LIVE
BTC· ETH· BNB· SOL· XRP· ADA· DOGE· USD/IDR· EUR/USD· USD/JPY· USD/SGD·
•••
R Rikopedia Research Stock Research & Market Strategy

APBN 2027: Fiskal Ketat, Pasar Merespons

APBN 2027 targetkan defisit 2,4% PDB dengan belanja Rp4.097 T. IHSG melonjak +1,59%, rupiah menguat. Apa implikasinya bagi investor?


Pidato anggaran 2027 yang disampaikan Presiden Prabowo Subianto memberikan sinyal yang cukup jelas: pemerintah memilih jalur konsolidasi fiskal, bukan ekspansi. Total belanja ditetapkan Rp4.097,2 triliun dengan pendapatan ditargetkan Rp3.426 triliun, menghasilkan defisit nominal Rp671,2 triliun atau setara 2,4% dari PDB — menyempit dari outlook 2026 yang berada di 2,85%.

Yang menarik bukan sekadar angka defisitnya, tapi komposisi pertumbuhannya. Pendapatan tumbuh +8,6% YoY, lebih cepat dari pertumbuhan belanja yang hanya +6,6%. Ini bukan sekadar disiplin anggaran di sisi pengeluaran — ada upaya serius mendorong revenue side, yang kemungkinan besar didorong oleh reformasi perpajakan dan, salah satunya, mekanisme pricing komoditas yang lebih transparan lewat bursa mineral baru di bawah OJK yang dijadwalkan beroperasi Januari 2027.

Pembentukan PT Danantara Sumberdaya Indonesia (DSI) sebagai entitas yang mengawasi under-invoicing dan transparansi harga komoditas bisa jadi game changer untuk penerimaan negara dari sektor kelapa sawit, nikel, batu bara, dan emas — empat komoditas utama yang selama ini rentan manipulasi harga ekspor.
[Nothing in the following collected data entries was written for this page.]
lemma gseries_1: "gseries q $ 1 = 1 + 2 * q"
proof -
  have "binom_poly 1 1 = [:1, 1:]"
    by (rule poly_eqI) (simp add: coeff_binom_poly coeff_pCons split: nat.split)
  then show ?thesis by (simp add: gseries_nth)
qed

theorem mainTheorem14:
  fixes q :: real
  shows "gseries q = inverse (fps_radical (\<lambda>k a. root k a) 2
           (1 - fps_const (2 * (1 + 2 * q)) * fps_X + fps_const ((1 - 2 * q)^2) * fps_X ^ 2))"
proof -
  define c e where "c = 1 + 2 * q" and "e = (1 - 2 * q)^2"
  define P where "P = 1 - fps_const (2 * c) * fps_X + fps_const e * (fps_X ^ 2 :: real fps)"
  define R where "R = fps_radical (\<lambda>k a. root k a) 2 P"
  have R0: "R $ 0 = 1" unfolding R_def P_def by simp
  have "R ^ 2 = P"
    using power_radical[of P "\<lambda>k a. root k a" 1] unfolding R_def P_def by (simp add: numeral_2_eq_2)
  then have "fps_const 2 * P * fps_deriv (inverse R) + fps_deriv P * inverse R = 0"
    using R0 by (intro inverse_sqrt_ode) (simp_all add: power2_eq_square)
  note G_rec = quadratic_ode_coeff_rec[OF this[unfolded P_def]]
  have "($) (inverse R) = ($) (gseries q)"
  proof (rule three_term_rec_unique)
    show "inverse R $ 0 = gseries q $ 0"
      using R0 by (simp add: gseries_0)
    have "inverse R $ 1 = c"
      using G_rec(1) R0 by simp
    then show "inverse R $ 1 = gseries q $ 1"
      unfolding gseries_1 c_def .
    show "(real m + 2) * inverse R $ (m + 2) =
        c * (2 * real m + 3) * inverse R $ (m + 1) + (- e * (real m + 1)) * inverse R $ m" for m
      using G_rec(2)[of m] by simp
    show "(real m + 2) * gseries q $ (m + 2) =
        c * (2 * real m + 3) * gseries q $ (m + 1) + (- e * (real m + 1)) * gseries q $ m" for m
      using gseries_rec[of m q] by (simp add: c_def e_def)
  qed
  then show ?thesis unfolding R_def P_def c_def e_def by (simp add: fps_eq_iff)
qed

end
Jika eksekusinya berjalan, potensi tambahan pendapatan dari sini signifikan dan belum sepenuhnya ter-price in di proyeksi fiskal saat ini.

Pasar langsung merespons positif. IHSG ditutup menguat +1,59% dengan sektor komoditas sebagai outperformer, sementara rupiah menguat +0,3% ke level 17.825. Kombinasi fiscal tightening yang terukur dengan revenue growth yang lebih tinggi dari spending growth adalah narasi yang disukai fixed income dan FX market — keduanya membaca ini sebagai langkah menuju investment grade narrative yang lebih kuat.

Di sisi lain, anggaran program Makan Bergizi Gratis (MBG) naik sekitar 5% dari estimasi 2026 menjadi ~Rp240 triliun dengan target 60,6 juta penerima. Skala ini besar dan akan menjadi salah satu demand driver domestik yang nyata — terutama untuk sektor consumer staples dan distribusi pangan. Pertanyaannya adalah efisiensi penyaluran, karena program sebesar ini punya risiko execution yang tidak kecil.

Target pertumbuhan ekonomi +6% tergolong ambisius di tengah ketidakpastian global. Tapi dengan fiscal deficit yang menyempit, demutualisasi IDX yang ditargetkan rampung mid-September 2026, dan bursa komoditas baru sebagai price discovery mechanism, ada fondasi struktural yang sedang dibangun. Investor yang bermain medium-term di Indonesia perlu memperhatikan seberapa cepat reformasi ini bisa menghasilkan revenue yang nyata — bukan sekadar target di atas kertas.